### Items from a data source

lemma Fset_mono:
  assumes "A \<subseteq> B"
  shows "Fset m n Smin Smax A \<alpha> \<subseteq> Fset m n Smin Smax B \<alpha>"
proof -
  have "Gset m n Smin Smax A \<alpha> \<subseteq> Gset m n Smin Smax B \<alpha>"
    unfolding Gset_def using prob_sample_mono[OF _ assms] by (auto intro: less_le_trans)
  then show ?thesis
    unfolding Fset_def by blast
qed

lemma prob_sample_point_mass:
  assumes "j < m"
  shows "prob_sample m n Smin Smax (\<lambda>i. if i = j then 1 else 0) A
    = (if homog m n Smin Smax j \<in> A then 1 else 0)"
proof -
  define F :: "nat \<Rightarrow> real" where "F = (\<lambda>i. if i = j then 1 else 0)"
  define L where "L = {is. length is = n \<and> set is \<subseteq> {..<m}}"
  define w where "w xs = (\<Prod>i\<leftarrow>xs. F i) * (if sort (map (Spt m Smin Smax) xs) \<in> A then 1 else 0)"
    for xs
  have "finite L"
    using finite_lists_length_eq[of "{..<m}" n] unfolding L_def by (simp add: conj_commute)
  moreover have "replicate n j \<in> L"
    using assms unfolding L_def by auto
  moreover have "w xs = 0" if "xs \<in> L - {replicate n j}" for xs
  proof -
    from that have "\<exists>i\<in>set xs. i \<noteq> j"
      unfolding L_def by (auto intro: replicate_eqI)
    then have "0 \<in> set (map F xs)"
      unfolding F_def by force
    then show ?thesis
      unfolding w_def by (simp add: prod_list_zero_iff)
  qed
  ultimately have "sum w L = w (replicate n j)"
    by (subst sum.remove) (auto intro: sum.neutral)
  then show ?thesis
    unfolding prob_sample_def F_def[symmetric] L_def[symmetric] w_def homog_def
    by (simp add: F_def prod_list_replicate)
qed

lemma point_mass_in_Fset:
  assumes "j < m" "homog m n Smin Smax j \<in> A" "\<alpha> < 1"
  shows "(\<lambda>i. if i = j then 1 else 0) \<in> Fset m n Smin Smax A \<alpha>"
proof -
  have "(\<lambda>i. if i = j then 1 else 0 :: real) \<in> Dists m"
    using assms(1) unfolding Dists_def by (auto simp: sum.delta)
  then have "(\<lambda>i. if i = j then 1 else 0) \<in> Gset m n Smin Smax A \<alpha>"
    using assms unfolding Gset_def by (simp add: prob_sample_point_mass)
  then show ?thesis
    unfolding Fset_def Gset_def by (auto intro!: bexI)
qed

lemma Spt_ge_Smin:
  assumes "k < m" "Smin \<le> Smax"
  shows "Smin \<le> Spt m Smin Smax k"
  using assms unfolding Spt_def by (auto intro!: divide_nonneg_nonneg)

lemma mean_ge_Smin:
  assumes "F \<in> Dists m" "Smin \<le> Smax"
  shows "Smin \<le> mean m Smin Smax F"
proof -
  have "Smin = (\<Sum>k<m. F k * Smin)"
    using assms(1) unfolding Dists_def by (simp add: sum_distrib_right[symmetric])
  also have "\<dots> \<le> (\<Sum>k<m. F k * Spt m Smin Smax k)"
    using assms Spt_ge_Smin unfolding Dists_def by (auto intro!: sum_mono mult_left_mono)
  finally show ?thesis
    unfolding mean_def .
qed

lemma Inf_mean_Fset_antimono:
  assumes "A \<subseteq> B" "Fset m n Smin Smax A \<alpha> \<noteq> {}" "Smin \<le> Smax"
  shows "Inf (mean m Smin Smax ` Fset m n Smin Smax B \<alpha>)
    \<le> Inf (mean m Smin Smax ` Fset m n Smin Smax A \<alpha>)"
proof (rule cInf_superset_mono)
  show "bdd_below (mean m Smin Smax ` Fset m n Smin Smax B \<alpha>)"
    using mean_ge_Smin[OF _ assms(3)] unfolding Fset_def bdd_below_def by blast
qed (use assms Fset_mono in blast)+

...

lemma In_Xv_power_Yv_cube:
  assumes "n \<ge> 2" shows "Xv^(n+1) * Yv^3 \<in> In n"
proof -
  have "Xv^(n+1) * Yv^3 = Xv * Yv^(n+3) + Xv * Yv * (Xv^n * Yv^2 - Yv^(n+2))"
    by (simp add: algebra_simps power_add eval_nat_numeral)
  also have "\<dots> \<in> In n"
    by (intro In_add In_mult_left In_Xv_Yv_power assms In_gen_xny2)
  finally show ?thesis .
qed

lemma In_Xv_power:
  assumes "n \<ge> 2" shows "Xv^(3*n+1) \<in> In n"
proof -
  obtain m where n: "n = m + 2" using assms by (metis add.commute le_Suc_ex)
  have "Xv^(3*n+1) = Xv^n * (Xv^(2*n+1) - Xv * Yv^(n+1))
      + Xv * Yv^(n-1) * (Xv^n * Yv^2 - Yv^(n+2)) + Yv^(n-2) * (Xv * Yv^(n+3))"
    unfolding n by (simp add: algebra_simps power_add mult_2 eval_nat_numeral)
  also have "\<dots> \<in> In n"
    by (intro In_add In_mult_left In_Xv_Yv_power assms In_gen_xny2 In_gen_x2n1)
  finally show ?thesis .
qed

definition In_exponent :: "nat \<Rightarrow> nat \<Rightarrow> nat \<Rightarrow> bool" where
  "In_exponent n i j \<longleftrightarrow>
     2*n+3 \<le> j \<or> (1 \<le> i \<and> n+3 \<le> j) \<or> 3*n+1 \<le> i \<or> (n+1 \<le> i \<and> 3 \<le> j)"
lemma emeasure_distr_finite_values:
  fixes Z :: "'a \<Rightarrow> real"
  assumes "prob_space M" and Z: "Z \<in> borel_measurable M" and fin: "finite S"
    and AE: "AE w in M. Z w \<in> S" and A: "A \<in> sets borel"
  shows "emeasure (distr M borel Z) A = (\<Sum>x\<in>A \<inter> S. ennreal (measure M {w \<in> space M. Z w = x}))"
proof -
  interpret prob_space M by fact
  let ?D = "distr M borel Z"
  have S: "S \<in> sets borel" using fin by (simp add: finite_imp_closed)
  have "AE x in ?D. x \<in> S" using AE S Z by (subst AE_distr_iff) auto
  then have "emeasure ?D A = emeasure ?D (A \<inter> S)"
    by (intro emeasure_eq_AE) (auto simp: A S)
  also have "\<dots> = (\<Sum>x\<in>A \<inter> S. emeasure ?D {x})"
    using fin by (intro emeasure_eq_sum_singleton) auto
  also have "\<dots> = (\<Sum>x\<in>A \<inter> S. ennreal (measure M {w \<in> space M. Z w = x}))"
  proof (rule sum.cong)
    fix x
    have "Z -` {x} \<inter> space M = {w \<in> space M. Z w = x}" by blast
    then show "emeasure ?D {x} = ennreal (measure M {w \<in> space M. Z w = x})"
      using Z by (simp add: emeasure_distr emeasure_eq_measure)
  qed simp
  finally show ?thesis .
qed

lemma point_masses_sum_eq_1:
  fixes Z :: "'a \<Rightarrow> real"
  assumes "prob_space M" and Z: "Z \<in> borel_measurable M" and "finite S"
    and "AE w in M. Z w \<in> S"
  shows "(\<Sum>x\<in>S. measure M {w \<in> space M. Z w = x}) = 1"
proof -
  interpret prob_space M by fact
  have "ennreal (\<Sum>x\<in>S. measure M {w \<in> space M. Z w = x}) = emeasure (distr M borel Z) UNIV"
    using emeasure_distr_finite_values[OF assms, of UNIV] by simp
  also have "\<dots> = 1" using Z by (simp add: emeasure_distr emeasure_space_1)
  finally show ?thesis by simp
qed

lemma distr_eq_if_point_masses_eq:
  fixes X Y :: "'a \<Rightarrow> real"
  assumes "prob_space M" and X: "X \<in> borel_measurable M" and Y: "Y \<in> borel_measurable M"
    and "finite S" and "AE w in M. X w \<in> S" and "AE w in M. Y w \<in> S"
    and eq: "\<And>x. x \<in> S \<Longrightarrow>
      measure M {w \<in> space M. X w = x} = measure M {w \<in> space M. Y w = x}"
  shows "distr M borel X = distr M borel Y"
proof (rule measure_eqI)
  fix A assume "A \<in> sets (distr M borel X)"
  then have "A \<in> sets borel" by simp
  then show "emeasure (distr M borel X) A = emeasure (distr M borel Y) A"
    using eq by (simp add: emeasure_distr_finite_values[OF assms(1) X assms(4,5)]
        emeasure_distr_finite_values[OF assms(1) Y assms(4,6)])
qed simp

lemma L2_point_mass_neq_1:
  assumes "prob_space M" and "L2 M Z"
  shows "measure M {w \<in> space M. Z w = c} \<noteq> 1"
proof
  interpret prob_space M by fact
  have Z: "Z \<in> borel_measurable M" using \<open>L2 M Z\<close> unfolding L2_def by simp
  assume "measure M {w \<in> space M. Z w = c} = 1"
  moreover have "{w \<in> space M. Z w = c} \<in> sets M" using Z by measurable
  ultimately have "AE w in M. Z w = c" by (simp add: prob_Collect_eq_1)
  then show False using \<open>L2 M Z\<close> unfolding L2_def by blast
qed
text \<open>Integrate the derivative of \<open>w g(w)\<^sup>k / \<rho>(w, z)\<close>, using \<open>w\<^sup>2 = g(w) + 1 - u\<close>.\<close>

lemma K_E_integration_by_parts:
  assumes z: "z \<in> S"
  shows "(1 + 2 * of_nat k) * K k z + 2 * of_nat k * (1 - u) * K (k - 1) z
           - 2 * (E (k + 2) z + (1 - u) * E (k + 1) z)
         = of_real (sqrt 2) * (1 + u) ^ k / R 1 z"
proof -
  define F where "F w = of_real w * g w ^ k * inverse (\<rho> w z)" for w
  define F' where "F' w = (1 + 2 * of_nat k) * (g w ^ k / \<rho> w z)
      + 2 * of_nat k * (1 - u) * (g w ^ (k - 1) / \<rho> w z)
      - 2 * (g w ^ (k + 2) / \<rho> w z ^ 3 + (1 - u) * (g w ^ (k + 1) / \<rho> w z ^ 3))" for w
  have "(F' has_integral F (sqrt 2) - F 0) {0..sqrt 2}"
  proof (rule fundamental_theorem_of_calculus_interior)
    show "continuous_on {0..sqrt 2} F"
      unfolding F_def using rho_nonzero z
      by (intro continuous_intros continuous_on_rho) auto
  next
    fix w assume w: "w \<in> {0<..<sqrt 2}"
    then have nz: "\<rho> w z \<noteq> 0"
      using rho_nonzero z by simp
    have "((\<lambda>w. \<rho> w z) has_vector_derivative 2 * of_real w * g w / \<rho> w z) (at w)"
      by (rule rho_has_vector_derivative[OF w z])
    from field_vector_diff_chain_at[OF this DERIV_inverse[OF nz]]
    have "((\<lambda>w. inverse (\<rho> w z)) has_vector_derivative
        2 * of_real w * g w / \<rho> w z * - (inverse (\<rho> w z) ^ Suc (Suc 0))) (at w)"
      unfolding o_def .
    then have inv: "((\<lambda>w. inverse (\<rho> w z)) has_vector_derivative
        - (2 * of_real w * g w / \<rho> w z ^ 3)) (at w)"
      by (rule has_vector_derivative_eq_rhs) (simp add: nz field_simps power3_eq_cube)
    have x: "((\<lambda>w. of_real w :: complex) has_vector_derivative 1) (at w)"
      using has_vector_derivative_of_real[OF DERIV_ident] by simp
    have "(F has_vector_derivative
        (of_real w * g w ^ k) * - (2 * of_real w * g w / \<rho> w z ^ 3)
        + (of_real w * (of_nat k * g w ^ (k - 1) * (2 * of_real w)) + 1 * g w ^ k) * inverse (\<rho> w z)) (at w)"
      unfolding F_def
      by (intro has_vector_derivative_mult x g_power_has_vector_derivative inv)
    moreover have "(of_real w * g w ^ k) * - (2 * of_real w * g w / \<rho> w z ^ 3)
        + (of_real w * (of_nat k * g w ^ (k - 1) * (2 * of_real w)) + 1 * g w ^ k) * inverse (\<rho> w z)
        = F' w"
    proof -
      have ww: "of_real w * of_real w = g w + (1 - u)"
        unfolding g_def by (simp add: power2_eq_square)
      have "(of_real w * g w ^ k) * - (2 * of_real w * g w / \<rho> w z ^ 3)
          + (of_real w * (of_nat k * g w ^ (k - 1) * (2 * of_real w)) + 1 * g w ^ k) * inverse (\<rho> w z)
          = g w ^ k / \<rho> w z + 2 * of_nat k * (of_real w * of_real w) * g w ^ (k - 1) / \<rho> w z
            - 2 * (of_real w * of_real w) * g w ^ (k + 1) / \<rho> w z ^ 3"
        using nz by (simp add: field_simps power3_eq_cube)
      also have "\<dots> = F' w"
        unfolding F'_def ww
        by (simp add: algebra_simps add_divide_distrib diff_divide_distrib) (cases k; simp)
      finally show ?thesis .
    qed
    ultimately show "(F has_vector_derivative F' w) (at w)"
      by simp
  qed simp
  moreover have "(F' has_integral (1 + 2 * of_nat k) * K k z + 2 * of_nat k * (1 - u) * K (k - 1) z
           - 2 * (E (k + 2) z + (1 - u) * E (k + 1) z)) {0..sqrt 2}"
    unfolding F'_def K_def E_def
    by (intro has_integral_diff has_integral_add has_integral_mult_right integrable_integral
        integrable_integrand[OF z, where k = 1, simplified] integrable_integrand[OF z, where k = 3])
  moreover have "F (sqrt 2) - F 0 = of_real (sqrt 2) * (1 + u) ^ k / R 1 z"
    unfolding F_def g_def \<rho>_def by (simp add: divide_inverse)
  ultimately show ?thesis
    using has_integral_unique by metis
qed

==

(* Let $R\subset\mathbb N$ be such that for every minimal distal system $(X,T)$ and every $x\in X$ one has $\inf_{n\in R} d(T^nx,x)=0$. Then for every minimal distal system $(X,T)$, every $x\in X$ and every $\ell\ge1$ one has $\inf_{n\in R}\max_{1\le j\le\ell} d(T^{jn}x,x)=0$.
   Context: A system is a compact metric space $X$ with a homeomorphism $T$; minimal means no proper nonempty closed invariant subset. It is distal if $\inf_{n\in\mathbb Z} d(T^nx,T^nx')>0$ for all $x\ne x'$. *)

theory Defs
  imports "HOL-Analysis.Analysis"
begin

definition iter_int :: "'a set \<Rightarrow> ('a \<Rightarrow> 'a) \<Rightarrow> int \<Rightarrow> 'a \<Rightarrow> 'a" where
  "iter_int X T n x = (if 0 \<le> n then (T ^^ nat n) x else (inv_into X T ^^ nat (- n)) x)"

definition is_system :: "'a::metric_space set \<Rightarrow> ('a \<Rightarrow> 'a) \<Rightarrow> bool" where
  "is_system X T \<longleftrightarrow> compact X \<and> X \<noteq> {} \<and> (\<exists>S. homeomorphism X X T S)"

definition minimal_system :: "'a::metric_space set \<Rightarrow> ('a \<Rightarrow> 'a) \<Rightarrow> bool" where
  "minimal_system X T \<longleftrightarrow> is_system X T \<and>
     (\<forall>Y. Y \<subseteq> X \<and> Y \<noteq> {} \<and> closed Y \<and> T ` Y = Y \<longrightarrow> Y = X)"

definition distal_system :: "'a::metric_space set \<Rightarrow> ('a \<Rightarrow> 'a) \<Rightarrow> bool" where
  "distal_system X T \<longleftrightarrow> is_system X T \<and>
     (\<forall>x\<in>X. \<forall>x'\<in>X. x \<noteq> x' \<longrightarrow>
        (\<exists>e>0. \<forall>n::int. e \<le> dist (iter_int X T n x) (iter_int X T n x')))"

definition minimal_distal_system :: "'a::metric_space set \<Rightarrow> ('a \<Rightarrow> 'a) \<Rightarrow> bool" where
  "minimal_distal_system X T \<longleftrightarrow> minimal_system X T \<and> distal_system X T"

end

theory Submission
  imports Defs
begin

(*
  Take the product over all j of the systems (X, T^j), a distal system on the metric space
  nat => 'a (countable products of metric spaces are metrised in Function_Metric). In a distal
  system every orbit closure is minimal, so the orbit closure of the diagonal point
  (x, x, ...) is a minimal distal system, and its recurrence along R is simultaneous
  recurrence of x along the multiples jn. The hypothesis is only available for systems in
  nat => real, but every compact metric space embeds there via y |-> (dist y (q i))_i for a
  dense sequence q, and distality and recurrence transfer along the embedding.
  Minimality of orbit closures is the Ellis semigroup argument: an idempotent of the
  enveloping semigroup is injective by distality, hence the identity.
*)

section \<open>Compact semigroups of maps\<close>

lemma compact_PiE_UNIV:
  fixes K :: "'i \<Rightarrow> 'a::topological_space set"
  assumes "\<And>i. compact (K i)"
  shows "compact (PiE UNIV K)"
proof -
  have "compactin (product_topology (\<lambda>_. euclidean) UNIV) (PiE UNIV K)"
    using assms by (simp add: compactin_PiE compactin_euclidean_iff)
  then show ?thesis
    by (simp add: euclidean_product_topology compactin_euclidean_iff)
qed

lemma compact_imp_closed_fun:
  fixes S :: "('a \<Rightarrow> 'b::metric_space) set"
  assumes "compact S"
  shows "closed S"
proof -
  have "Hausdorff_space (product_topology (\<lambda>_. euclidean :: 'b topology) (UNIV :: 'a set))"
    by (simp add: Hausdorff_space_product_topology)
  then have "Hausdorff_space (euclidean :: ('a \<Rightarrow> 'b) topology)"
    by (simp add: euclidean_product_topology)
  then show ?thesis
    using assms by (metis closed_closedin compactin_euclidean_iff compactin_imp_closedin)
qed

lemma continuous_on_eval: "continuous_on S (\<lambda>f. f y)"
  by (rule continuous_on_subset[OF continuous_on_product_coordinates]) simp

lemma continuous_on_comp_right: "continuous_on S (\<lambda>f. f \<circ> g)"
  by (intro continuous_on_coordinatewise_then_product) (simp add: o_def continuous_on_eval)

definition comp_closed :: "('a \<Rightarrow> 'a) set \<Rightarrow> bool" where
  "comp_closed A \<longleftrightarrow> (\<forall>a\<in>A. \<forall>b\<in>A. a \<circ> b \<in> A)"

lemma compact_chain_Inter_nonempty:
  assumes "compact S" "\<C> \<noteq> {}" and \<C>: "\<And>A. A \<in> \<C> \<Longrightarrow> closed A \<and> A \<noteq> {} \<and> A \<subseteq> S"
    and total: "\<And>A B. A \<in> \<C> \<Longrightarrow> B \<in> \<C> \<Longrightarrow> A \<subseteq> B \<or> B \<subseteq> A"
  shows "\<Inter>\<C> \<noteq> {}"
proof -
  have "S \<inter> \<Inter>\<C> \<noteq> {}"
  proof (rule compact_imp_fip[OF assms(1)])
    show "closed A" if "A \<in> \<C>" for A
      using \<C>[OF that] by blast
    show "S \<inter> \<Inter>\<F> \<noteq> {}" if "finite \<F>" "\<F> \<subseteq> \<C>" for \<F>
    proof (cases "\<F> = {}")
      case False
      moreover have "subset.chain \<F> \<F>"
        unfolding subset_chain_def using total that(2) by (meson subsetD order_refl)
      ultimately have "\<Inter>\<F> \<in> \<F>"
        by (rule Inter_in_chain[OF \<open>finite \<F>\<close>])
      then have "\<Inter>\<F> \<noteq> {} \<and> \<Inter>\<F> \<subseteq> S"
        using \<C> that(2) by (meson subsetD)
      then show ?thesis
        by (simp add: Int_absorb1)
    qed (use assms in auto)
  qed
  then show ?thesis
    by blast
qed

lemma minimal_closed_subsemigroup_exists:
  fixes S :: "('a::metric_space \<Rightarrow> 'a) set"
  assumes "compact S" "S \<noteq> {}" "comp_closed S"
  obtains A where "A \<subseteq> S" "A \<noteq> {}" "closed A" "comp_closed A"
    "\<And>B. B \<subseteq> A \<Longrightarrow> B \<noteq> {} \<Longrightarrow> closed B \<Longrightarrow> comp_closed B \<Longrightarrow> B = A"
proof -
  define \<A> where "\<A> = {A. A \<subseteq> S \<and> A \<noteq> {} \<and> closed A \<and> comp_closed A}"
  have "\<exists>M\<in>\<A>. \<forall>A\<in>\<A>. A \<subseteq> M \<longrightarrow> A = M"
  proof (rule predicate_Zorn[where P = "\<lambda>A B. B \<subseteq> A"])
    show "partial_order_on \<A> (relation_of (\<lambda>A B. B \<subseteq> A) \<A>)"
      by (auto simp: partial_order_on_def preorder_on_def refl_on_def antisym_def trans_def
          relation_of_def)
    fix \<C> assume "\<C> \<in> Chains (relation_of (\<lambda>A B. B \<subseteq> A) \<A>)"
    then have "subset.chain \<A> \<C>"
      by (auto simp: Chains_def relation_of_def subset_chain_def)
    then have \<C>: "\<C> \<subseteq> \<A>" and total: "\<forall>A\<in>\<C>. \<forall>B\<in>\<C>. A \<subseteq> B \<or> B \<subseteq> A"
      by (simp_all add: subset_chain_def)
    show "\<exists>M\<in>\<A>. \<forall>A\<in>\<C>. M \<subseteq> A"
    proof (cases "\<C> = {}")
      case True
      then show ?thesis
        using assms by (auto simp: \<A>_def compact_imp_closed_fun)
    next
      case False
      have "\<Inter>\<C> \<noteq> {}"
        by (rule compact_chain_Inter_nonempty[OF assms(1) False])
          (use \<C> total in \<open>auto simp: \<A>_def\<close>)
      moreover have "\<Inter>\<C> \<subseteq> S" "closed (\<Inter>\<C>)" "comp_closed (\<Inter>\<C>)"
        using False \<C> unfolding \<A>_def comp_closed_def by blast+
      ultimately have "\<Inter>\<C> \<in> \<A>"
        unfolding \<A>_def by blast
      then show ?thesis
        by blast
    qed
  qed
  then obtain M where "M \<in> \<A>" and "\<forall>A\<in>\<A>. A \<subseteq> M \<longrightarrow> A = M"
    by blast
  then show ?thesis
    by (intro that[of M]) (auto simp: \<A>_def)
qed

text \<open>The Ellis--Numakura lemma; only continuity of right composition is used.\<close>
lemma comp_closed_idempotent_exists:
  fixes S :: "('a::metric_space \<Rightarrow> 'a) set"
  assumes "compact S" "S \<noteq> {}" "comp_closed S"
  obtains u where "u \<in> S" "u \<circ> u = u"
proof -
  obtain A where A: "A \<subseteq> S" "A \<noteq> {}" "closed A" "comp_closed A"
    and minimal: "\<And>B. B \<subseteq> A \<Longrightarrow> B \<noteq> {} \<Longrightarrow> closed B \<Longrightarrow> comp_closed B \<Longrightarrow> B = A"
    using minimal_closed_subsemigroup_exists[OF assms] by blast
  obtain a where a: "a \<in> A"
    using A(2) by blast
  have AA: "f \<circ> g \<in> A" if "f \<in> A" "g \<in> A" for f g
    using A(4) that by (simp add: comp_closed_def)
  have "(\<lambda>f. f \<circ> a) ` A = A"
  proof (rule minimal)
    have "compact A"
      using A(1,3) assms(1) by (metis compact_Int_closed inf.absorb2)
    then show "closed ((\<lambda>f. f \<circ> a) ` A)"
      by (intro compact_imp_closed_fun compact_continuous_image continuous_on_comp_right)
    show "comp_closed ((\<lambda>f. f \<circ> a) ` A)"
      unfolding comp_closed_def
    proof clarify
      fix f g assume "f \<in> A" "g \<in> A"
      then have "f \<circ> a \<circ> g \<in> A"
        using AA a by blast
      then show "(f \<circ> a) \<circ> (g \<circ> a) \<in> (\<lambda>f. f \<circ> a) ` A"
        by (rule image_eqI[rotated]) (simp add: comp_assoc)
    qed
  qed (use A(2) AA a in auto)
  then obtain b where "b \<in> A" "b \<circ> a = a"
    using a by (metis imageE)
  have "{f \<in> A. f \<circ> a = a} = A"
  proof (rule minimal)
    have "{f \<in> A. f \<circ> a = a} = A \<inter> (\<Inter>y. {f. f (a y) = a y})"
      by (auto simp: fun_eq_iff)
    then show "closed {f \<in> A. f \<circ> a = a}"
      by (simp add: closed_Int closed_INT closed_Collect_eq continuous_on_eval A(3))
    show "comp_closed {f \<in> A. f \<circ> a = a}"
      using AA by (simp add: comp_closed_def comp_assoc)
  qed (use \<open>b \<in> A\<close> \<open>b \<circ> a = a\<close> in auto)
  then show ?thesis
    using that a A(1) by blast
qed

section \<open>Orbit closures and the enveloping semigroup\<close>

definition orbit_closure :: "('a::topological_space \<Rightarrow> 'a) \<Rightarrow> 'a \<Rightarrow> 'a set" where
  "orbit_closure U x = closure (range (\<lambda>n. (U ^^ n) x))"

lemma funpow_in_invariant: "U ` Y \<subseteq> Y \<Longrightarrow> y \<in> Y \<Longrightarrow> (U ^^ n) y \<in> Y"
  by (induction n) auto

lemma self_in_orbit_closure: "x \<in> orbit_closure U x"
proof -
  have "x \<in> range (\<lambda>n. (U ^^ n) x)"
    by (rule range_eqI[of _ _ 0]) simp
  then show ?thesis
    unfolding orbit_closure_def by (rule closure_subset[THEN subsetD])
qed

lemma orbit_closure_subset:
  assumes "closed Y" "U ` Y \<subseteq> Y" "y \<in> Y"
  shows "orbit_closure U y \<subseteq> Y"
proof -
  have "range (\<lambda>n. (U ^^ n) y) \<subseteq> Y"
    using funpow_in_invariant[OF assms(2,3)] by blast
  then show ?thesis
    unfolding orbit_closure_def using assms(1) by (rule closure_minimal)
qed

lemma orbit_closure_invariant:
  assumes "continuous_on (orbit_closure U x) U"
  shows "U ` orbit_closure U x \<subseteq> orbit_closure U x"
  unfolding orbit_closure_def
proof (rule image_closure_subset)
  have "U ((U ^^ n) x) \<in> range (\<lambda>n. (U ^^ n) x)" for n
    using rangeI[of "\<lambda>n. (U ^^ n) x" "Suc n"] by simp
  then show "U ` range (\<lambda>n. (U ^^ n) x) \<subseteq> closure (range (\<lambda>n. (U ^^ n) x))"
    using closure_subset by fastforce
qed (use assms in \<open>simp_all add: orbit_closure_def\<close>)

### WORK TO BE COMPLETED
Repeat word for word the lines above that run from the line containing "A \<inter> (\<Inter>y." through the line containing "using closure_subset by fastforce", both ends included, and nothing else.

### SOLUTION TO THIS PROBLEM
    have "{f \<in> A. f \<circ> a = a} = A \<inter> (\<Inter>y. {f. f (a y) = a y})"
      by (auto simp: fun_eq_iff)
    then show "closed {f \<in> A. f \<circ> a = a}"
      by (simp add: closed_Int closed_INT closed_Collect_eq continuous_on_eval A(3))
    show "comp_closed {f \<in> A. f \<circ> a = a}"
      using AA by (simp add: comp_closed_def comp_assoc)
  qed (use \<open>b \<in> A\<close> \<open>b \<circ> a = a\<close> in auto)
  then show ?thesis
    using that a A(1) by blast
qed

section \<open>Orbit closures and the enveloping semigroup\<close>

definition orbit_closure :: "('a::topological_space \<Rightarrow> 'a) \<Rightarrow> 'a \<Rightarrow> 'a set" where
  "orbit_closure U x = closure (range (\<lambda>n. (U ^^ n) x))"

lemma funpow_in_invariant: "U ` Y \<subseteq> Y \<Longrightarrow> y \<in> Y \<Longrightarrow> (U ^^ n) y \<in> Y"
  by (induction n) auto

lemma self_in_orbit_closure: "x \<in> orbit_closure U x"
proof -
  have "x \<in> range (\<lambda>n. (U ^^ n) x)"
    by (rule range_eqI[of _ _ 0]) simp
  then show ?thesis
    unfolding orbit_closure_def by (rule closure_subset[THEN subsetD])
qed

lemma orbit_closure_subset:
  assumes "closed Y" "U ` Y \<subseteq> Y" "y \<in> Y"
  shows "orbit_closure U y \<subseteq> Y"
proof -
  have "range (\<lambda>n. (U ^^ n) y) \<subseteq> Y"
    using funpow_in_invariant[OF assms(2,3)] by blast
  then show ?thesis
    unfolding orbit_closure_def using assms(1) by (rule closure_minimal)
qed

lemma orbit_closure_invariant:
  assumes "continuous_on (orbit_closure U x) U"
  shows "U ` orbit_closure U x \<subseteq> orbit_closure U x"
  unfolding orbit_closure_def
proof (rule image_closure_subset)
  have "U ((U ^^ n) x) \<in> range (\<lambda>n. (U ^^ n) x)" for n
    using rangeI[of "\<lambda>n. (U ^^ n) x" "Suc n"] by simp
  then show "U ` range (\<lambda>n. (U ^^ n) x) \<subseteq> closure (range (\<lambda>n. (U ^^ n) x))"
    using closure_subset by fastforce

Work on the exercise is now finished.